Task item:
Repeat the whole listing below with nothing added or dropped.

# # # # # # #

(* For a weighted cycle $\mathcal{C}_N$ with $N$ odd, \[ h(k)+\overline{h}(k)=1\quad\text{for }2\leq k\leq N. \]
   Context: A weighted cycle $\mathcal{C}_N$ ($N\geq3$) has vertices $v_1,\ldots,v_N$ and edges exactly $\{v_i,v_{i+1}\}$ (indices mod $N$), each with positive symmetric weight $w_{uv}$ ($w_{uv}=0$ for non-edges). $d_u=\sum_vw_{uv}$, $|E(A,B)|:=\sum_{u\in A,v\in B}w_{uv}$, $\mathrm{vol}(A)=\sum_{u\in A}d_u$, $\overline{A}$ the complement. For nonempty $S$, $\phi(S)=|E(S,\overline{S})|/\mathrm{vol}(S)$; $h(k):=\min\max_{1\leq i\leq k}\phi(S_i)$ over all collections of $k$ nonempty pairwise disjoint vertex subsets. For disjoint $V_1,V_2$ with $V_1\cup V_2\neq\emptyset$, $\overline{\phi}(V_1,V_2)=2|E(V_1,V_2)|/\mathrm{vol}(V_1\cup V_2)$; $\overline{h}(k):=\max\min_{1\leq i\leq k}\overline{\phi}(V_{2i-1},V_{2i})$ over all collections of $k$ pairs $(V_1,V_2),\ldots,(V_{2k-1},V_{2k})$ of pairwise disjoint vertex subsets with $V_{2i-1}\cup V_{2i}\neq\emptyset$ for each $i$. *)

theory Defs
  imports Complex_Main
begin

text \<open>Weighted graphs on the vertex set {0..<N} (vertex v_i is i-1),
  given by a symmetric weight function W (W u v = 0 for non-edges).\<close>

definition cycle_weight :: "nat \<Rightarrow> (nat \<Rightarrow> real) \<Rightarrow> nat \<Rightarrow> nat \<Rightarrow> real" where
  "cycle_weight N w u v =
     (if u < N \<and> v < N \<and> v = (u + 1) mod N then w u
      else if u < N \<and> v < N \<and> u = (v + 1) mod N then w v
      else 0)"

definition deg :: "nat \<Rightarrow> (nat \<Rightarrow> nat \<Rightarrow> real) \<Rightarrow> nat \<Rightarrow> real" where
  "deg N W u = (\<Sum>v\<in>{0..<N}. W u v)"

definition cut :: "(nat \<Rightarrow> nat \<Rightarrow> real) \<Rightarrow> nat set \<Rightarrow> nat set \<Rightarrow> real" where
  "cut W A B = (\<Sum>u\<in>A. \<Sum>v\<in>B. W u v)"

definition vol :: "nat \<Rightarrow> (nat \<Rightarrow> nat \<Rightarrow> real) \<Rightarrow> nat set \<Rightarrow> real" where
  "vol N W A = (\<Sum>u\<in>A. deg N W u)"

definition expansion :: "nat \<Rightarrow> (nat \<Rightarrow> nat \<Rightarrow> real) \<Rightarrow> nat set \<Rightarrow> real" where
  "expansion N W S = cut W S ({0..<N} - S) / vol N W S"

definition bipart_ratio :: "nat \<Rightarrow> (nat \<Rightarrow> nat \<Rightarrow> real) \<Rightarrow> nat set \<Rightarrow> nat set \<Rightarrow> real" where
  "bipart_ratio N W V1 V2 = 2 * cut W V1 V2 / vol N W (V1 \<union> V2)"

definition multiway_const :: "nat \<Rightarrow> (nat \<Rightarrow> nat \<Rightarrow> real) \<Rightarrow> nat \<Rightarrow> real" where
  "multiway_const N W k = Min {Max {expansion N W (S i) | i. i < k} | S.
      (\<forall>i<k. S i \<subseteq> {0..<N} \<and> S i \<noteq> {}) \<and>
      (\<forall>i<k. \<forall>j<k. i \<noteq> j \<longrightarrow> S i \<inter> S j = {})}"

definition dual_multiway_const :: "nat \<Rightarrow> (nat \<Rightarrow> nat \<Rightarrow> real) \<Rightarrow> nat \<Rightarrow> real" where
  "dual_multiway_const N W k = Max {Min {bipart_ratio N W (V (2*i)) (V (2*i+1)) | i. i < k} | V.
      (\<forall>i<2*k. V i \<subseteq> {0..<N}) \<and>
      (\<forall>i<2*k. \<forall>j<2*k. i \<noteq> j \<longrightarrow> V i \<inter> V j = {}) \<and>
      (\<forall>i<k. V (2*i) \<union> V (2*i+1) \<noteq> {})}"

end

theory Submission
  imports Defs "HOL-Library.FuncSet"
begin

# # # # # # #

Answer box:
(* For a weighted cycle $\mathcal{C}_N$ with $N$ odd, \[ h(k)+\overline{h}(k)=1\quad\text{for }2\leq k\leq N. \]
   Context: A weighted cycle $\mathcal{C}_N$ ($N\geq3$) has vertices $v_1,\ldots,v_N$ and edges exactly $\{v_i,v_{i+1}\}$ (indices mod $N$), each with positive symmetric weight $w_{uv}$ ($w_{uv}=0$ for non-edges). $d_u=\sum_vw_{uv}$, $|E(A,B)|:=\sum_{u\in A,v\in B}w_{uv}$, $\mathrm{vol}(A)=\sum_{u\in A}d_u$, $\overline{A}$ the complement. For nonempty $S$, $\phi(S)=|E(S,\overline{S})|/\mathrm{vol}(S)$; $h(k):=\min\max_{1\leq i\leq k}\phi(S_i)$ over all collections of $k$ nonempty pairwise disjoint vertex subsets. For disjoint $V_1,V_2$ with $V_1\cup V_2\neq\emptyset$, $\overline{\phi}(V_1,V_2)=2|E(V_1,V_2)|/\mathrm{vol}(V_1\cup V_2)$; $\overline{h}(k):=\max\min_{1\leq i\leq k}\overline{\phi}(V_{2i-1},V_{2i})$ over all collections of $k$ pairs $(V_1,V_2),\ldots,(V_{2k-1},V_{2k})$ of pairwise disjoint vertex subsets with $V_{2i-1}\cup V_{2i}\neq\emptyset$ for each $i$. *)

theory Defs
  imports Complex_Main
begin

text \<open>Weighted graphs on the vertex set {0..<N} (vertex v_i is i-1),
  given by a symmetric weight function W (W u v = 0 for non-edges).\<close>

definition cycle_weight :: "nat \<Rightarrow> (nat \<Rightarrow> real) \<Rightarrow> nat \<Rightarrow> nat \<Rightarrow> real" where
  "cycle_weight N w u v =
     (if u < N \<and> v < N \<and> v = (u + 1) mod N then w u
      else if u < N \<and> v < N \<and> u = (v + 1) mod N then w v
      else 0)"

definition deg :: "nat \<Rightarrow> (nat \<Rightarrow> nat \<Rightarrow> real) \<Rightarrow> nat \<Rightarrow> real" where
  "deg N W u = (\<Sum>v\<in>{0..<N}. W u v)"

definition cut :: "(nat \<Rightarrow> nat \<Rightarrow> real) \<Rightarrow> nat set \<Rightarrow> nat set \<Rightarrow> real" where
  "cut W A B = (\<Sum>u\<in>A. \<Sum>v\<in>B. W u v)"

definition vol :: "nat \<Rightarrow> (nat \<Rightarrow> nat \<Rightarrow> real) \<Rightarrow> nat set \<Rightarrow> real" where
  "vol N W A = (\<Sum>u\<in>A. deg N W u)"

definition expansion :: "nat \<Rightarrow> (nat \<Rightarrow> nat \<Rightarrow> real) \<Rightarrow> nat set \<Rightarrow> real" where
  "expansion N W S = cut W S ({0..<N} - S) / vol N W S"

definition bipart_ratio :: "nat \<Rightarrow> (nat \<Rightarrow> nat \<Rightarrow> real) \<Rightarrow> nat set \<Rightarrow> nat set \<Rightarrow> real" where
  "bipart_ratio N W V1 V2 = 2 * cut W V1 V2 / vol N W (V1 \<union> V2)"

definition multiway_const :: "nat \<Rightarrow> (nat \<Rightarrow> nat \<Rightarrow> real) \<Rightarrow> nat \<Rightarrow> real" where
  "multiway_const N W k = Min {Max {expansion N W (S i) | i. i < k} | S.
      (\<forall>i<k. S i \<subseteq> {0..<N} \<and> S i \<noteq> {}) \<and>
      (\<forall>i<k. \<forall>j<k. i \<noteq> j \<longrightarrow> S i \<inter> S j = {})}"

definition dual_multiway_const :: "nat \<Rightarrow> (nat \<Rightarrow> nat \<Rightarrow> real) \<Rightarrow> nat \<Rightarrow> real" where
  "dual_multiway_const N W k = Max {Min {bipart_ratio N W (V (2*i)) (V (2*i+1)) | i. i < k} | V.
      (\<forall>i<2*k. V i \<subseteq> {0..<N}) \<and>
      (\<forall>i<2*k. \<forall>j<2*k. i \<noteq> j \<longrightarrow> V i \<inter> V j = {}) \<and>
      (\<forall>i<k. V (2*i) \<union> V (2*i+1) \<noteq> {})}"

end

theory Submission
  imports Defs "HOL-Library.FuncSet"
begin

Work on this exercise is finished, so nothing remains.